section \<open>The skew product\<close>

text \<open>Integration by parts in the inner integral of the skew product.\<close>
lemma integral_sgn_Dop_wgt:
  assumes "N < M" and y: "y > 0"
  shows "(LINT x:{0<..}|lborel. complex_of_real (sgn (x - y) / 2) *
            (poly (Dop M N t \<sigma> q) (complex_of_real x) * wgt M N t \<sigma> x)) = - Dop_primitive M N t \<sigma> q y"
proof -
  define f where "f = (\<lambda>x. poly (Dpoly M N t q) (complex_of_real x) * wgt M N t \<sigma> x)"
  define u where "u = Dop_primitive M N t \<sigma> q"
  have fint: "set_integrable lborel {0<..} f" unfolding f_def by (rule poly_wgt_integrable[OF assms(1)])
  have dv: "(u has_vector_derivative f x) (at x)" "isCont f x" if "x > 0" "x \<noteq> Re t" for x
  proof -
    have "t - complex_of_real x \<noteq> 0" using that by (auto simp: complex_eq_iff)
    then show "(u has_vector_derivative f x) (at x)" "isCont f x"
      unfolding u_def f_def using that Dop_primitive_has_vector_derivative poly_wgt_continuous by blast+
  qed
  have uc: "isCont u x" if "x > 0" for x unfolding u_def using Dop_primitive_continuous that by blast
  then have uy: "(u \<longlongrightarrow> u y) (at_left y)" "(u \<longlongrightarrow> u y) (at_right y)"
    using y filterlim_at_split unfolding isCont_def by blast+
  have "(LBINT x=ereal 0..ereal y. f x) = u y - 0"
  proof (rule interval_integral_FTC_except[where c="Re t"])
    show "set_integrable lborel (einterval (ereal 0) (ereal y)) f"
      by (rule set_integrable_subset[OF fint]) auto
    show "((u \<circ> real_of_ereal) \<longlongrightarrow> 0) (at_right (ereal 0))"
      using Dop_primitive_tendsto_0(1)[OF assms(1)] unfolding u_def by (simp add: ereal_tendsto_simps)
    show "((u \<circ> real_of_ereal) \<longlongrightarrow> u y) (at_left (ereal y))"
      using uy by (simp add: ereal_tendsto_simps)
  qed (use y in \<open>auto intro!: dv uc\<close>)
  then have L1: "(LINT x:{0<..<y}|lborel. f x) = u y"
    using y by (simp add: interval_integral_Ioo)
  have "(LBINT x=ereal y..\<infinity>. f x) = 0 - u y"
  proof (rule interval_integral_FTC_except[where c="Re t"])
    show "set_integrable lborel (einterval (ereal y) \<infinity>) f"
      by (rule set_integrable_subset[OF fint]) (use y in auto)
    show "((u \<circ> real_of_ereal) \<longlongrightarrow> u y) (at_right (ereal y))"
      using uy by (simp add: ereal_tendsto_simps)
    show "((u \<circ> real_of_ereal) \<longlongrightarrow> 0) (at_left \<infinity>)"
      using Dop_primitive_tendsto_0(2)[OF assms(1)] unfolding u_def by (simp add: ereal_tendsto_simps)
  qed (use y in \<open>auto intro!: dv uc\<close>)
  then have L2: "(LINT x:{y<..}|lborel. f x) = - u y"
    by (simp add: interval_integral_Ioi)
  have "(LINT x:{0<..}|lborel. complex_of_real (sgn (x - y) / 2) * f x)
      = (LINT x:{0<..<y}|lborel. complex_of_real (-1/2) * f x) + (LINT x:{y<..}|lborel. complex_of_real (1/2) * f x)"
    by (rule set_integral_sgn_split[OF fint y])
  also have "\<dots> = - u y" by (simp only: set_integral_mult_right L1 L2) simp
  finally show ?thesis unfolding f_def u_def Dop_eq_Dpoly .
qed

...

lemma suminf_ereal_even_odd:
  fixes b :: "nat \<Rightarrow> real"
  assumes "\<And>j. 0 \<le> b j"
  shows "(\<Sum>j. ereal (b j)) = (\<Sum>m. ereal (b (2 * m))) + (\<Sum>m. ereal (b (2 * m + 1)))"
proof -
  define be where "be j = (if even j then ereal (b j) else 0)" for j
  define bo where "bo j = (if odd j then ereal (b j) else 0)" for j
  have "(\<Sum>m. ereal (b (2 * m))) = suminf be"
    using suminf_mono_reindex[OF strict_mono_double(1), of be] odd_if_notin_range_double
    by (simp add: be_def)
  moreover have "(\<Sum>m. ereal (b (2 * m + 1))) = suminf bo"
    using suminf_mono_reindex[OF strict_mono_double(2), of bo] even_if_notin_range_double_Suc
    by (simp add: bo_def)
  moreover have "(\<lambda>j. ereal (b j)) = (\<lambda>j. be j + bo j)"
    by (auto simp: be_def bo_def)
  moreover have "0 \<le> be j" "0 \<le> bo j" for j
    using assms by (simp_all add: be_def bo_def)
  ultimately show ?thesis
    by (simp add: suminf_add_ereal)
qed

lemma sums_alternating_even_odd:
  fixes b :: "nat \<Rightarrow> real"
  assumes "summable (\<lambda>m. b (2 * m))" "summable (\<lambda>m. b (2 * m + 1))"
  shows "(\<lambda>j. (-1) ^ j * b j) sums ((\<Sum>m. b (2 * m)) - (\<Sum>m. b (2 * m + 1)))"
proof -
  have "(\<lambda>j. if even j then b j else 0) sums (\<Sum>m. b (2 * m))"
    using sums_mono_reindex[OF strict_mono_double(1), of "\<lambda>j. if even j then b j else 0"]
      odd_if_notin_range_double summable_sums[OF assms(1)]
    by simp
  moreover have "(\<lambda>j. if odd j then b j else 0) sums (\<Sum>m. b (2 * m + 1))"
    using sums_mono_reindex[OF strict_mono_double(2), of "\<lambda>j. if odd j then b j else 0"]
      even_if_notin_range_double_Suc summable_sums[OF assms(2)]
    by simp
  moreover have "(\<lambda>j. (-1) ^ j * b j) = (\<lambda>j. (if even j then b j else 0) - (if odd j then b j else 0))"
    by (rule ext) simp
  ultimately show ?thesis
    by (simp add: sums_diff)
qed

• What you have to do: In the entries above, the lines from the one bearing "unfolding u_def f_def" up to and including the one bearing "that by blast" should be transcribed exactly; no other line is wanted.

• Answer section:
      unfolding u_def f_def using that Dop_primitive_has_vector_derivative poly_wgt_continuous by blast+
  qed
  have uc: "isCont u x" if "x > 0" for x unfolding u_def using Dop_primitive_continuous that by blast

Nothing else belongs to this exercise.